Collected data entries ->
lemma group_actionI:
  assumes G: "group G"
    and closed: "\<And>g x. g \<in> carrier G \<Longrightarrow> x \<in> E \<Longrightarrow> f g x \<in> E"
    and mult: "\<And>g h x. g \<in> carrier G \<Longrightarrow> h \<in> carrier G \<Longrightarrow> x \<in> E \<Longrightarrow>
                 f (g \<otimes>\<^bsub>G\<^esub> h) x = f g (f h x)"
    and one: "\<And>x. x \<in> E \<Longrightarrow> f \<one>\<^bsub>G\<^esub> x = x"
  shows "group_action G E (\<lambda>g. restrict (f g) E)"
proof -
  have cancel: "f (inv\<^bsub>G\<^esub> g) (f g x) = x" "f g (f (inv\<^bsub>G\<^esub> g) x) = x"
    if "g \<in> carrier G" "x \<in> E" for g x
    using that mult[of "inv\<^bsub>G\<^esub> g" g x] mult[of g "inv\<^bsub>G\<^esub> g" x] one
    by (simp_all add: G group.inv_closed group.l_inv group.r_inv)
  have Bij: "restrict (f g) E \<in> Bij E" if "g \<in> carrier G" for g
  proof -
    have "bij_betw (f g) E E"
      by (rule bij_betw_byWitness[where f' = "f (inv\<^bsub>G\<^esub> g)"])
        (use that cancel closed G group.inv_closed in auto)
    then show ?thesis
      unfolding Bij_def by (simp add: bij_betw_restrict_eq)
  qed
  have "(\<lambda>g. restrict (f g) E) \<in> hom G (BijGroup E)"
  proof (rule homI)
    show "restrict (f g) E \<in> carrier (BijGroup E)" if "g \<in> carrier G" for g
      using Bij[OF that] by (simp add: BijGroup_def)
    show "restrict (f (g \<otimes>\<^bsub>G\<^esub> h)) E = restrict (f g) E \<otimes>\<^bsub>BijGroup E\<^esub> restrict (f h) E"
      if "g \<in> carrier G" "h \<in> carrier G" for g h
      using that Bij closed mult by (auto simp: BijGroup_def compose_def fun_eq_iff)
  qed
  then show ?thesis
    unfolding group_action_def group_hom_def group_hom_axioms_def
    using G group_BijGroup by blast
qed

lemma isometric_action_conj:
  assumes \<phi>: "isometric_action G n \<phi>" and f: "isometry_Rn n f"
  shows "isometric_action G n (\<lambda>g. restrict (f \<circ> \<phi> g \<circ> inv_into (Rn n) f) (Rn n))"
proof -
  interpret group_action G "Rn n" \<phi>
    using \<phi> by (simp add: isometric_action_def)
  define f' where "f' = inv_into (Rn n) f"
  have bij: "bij_betw f (Rn n) (Rn n)"
    and iso: "\<And>x y. x \<in> Rn n \<Longrightarrow> y \<in> Rn n \<Longrightarrow> edist n (f x) (f y) = edist n x y"
    using f by (simp_all add: isometry_Rn_def)
  have f': "f' y \<in> Rn n" "f (f' y) = y" if "y \<in> Rn n" for y
    using that bij bij_betw_inv_into[OF bij] bij_betw_apply bij_betw_inv_into_right
    by (fastforce simp: f'_def)+
  have f_in: "f x \<in> Rn n" and f'_f: "f' (f x) = x" if "x \<in> Rn n" for x
    using that bij by (simp_all add: f'_def bij_betw_apply bij_betw_inv_into_left)
  have \<phi>_in: "\<phi> g x \<in> Rn n" if "g \<in> carrier G" "x \<in> Rn n" for g x
    using that element_image by blast
  have G: "group G"
    using group_hom group_hom.axioms(1) by blast
  have "group_action G (Rn n) (\<lambda>g. restrict (f \<circ> \<phi> g \<circ> f') (Rn n))"
  proof (rule group_actionI[OF G])
    show "(f \<circ> \<phi> g \<circ> f') x \<in> Rn n" if "g \<in> carrier G" "x \<in> Rn n" for g x
      using that f' f_in \<phi>_in by simp
    show "(f \<circ> \<phi> (g \<otimes>\<^bsub>G\<^esub> h) \<circ> f') x = (f \<circ> \<phi> g \<circ> f') ((f \<circ> \<phi> h \<circ> f') x)"
      if "g \<in> carrier G" "h \<in> carrier G" "x \<in> Rn n" for g h x
      using that f' f'_f \<phi>_in composition_rule by simp
    show "(f \<circ> \<phi> \<one>\<^bsub>G\<^esub> \<circ> f') x = x" if "x \<in> Rn n" for x
      using that f' id_eq_one[symmetric] by simp
  qed
  moreover have "edist n ((f \<circ> \<phi> g \<circ> f') x) ((f \<circ> \<phi> g \<circ> f') y) = edist n x y"
    if "g \<in> carrier G" "x \<in> Rn n" "y \<in> Rn n" for g x y
    using that f' iso \<phi>_in \<phi> unfolding isometric_action_def
    by (metis comp_apply)
  ultimately show ?thesis
    by (simp add: isometric_action_def f'_def)
qed

lemma sub_p_toral_isometric_image:
  fixes G :: "(nat \<Rightarrow> int) monoid"
  assumes "p_torus G p" "isometric_action G n \<phi>" "k \<le> n"
    and f: "isometry_Rn n f" and x: "x \<in> Rn n" and X: "X \<subseteq> f ` orbit G \<phi> x"
  shows "sub_p_toral p k X"
proof -
  define \<psi> where "\<psi> = (\<lambda>g. restrict (f \<circ> \<phi> g \<circ> inv_into (Rn n) f) (Rn n))"
  have "bij_betw f (Rn n) (Rn n)"
    using f by (simp add: isometry_Rn_def)
  then have fx: "f x \<in> Rn n" and "inv_into (Rn n) f (f x) = x"
    using x by (simp_all add: bij_betw_apply bij_betw_inv_into_left)
  then have "\<psi> g (f x) = f (\<phi> g x)" for g
    by (simp add: \<psi>_def)
  then have "X \<subseteq> orbit G \<psi> (f x)"
    using X by (auto simp: orbit_def)
  then show ?thesis
    unfolding sub_p_toral_def
    using assms(1-3) isometric_action_conj[OF assms(2) f] fx by (auto simp: \<psi>_def)
qed

definition rot :: "nat \<Rightarrow> (nat \<Rightarrow> real) \<Rightarrow> (nat \<Rightarrow> real) \<Rightarrow> (nat \<Rightarrow> real)" where
  "rot d t z = (\<lambda>i.
     if i = d then cos (t 0) * z d - sin (t 0) * z (d+1)
     else if i = d+1 then sin (t 0) * z d + cos (t 0) * z (d+1)
     else if i = d+2 then cos (t 1) * z (d+2) - sin (t 1) * z (d+3)
     else if i = d+3 then sin (t 1) * z (d+2) + cos (t 1) * z (d+3)
     else if i = d+4 then cos (t 2) * z (d+4) - sin (t 2) * z (d+5)
     else if i = d+5 then sin (t 2) * z (d+4) + cos (t 2) * z (d+5)
     else z i)"

lemma rot_rot: "rot d t (rot d s z) = rot d (\<lambda>j. t j + s j) z"
  unfolding rot_def by (rule ext) (simp add: cos_add sin_add algebra_simps)

lemma rot_cong:
  assumes "\<And>j. j < 3 \<Longrightarrow> cos (t j) = cos (s j) \<and> sin (t j) = sin (s j)"
  shows "rot d t = rot d s"
proof -
  have "cos (t 0) = cos (s 0)" "sin (t 0) = sin (s 0)" "cos (t 1) = cos (s 1)" "sin (t 1) = sin (s 1)"
    "cos (t 2) = cos (s 2)" "sin (t 2) = sin (s 2)"
    using assms[of 0] assms[of 1] assms[of 2] by simp_all
  then show ?thesis
    unfolding rot_def by presburger
qed

lemma rot_zero: "rot d (\<lambda>_. 0) z = z"
  unfolding rot_def by (rule ext) simp

lemma rot_Rn: "z \<in> Rn (d+6) \<Longrightarrow> rot d t z \<in> Rn (d+6)"
  unfolding rot_def Rn_def by auto

lemma sum_lessThan_add6:
  fixes d :: nat
  shows "(\<Sum>i<d+6. f i) = (\<Sum>i<d. f i) + f d + f (d+1) + f (d+2) + f (d+3) + f (d+4) + f (d+5)"
  by (simp add: numeral_eq_Suc add.assoc)

lemma edist_rot: "edist (d+6) (rot d t x) (rot d t y) = edist (d+6) x y"
proof -
  have plane: "(c * x1 - s * x2 - (c * y1 - s * y2))\<^sup>2 + (s * x1 + c * x2 - (s * y1 + c * y2))\<^sup>2
      = (x1 - y1)\<^sup>2 + (x2 - y2)\<^sup>2" if "s\<^sup>2 + c\<^sup>2 = 1" for c s x1 x2 y1 y2 :: real
  proof -
    have "(c * x1 - s * x2 - (c * y1 - s * y2))\<^sup>2 + (s * x1 + c * x2 - (s * y1 + c * y2))\<^sup>2
        = (s\<^sup>2 + c\<^sup>2) * ((x1 - y1)\<^sup>2 + (x2 - y2)\<^sup>2)"
      by (simp add: power2_eq_square algebra_simps)
    with that show ?thesis by simp
  qed
  have "(\<Sum>i<d. (rot d t x i - rot d t y i)\<^sup>2) = (\<Sum>i<d. (x i - y i)\<^sup>2)"
    by (rule sum.cong) (auto simp: rot_def)
  then show ?thesis
    unfolding edist_def sum_lessThan_add6 by (simp add: rot_def plane add.assoc)
qed

(* chord_dot x y is the inner product of the chords from (1, 0) to (cos x, sin x) and to (cos y, sin y). *)
definition chord_dot :: "real \<Rightarrow> real \<Rightarrow> real" where
  "chord_dot x y = (cos x - 1) * (cos y - 1) + sin x * sin y"

lemma chord_dot_commute: "chord_dot x y = chord_dot y x"
  unfolding chord_dot_def by (simp add: mult.commute)

lemma chord_dot_0: "chord_dot x 0 = 0" "chord_dot 0 x = 0"
  unfolding chord_dot_def by simp_all

lemma dot_rot_displacements:
  fixes d :: nat and r0 r1 r2 :: real and t s :: "nat \<Rightarrow> real"
  defines "x0 \<equiv> (\<lambda>i. if i = d then r0 else if i = d+2 then r1 else if i = d+4 then r2 else 0)"
  shows "dot (d+6) (rot d t x0 - x0) (rot d s x0 - x0)
    = r0\<^sup>2 * chord_dot (t 0) (s 0) + r1\<^sup>2 * chord_dot (t 1) (s 1) + r2\<^sup>2 * chord_dot (t 2) (s 2)"
proof -
  have "(\<Sum>i<d. (rot d t x0 i - x0 i) * (rot d s x0 i - x0 i)) = 0"
    by (rule sum.neutral) (auto simp: rot_def x0_def)
  then show ?thesis
    unfolding dot_def sum_lessThan_add6
    by (simp add: rot_def x0_def chord_dot_def power2_eq_square algebra_simps)
qed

Task details ->
In the entries above, locate every line with the word "cancel" and copy it.

Answer box ->
  have cancel: "f (inv\<^bsub>G\<^esub> g) (f g x) = x" "f g (f (inv\<^bsub>G\<^esub> g) x) = x"
        (use that cancel closed G group.inv_closed in auto)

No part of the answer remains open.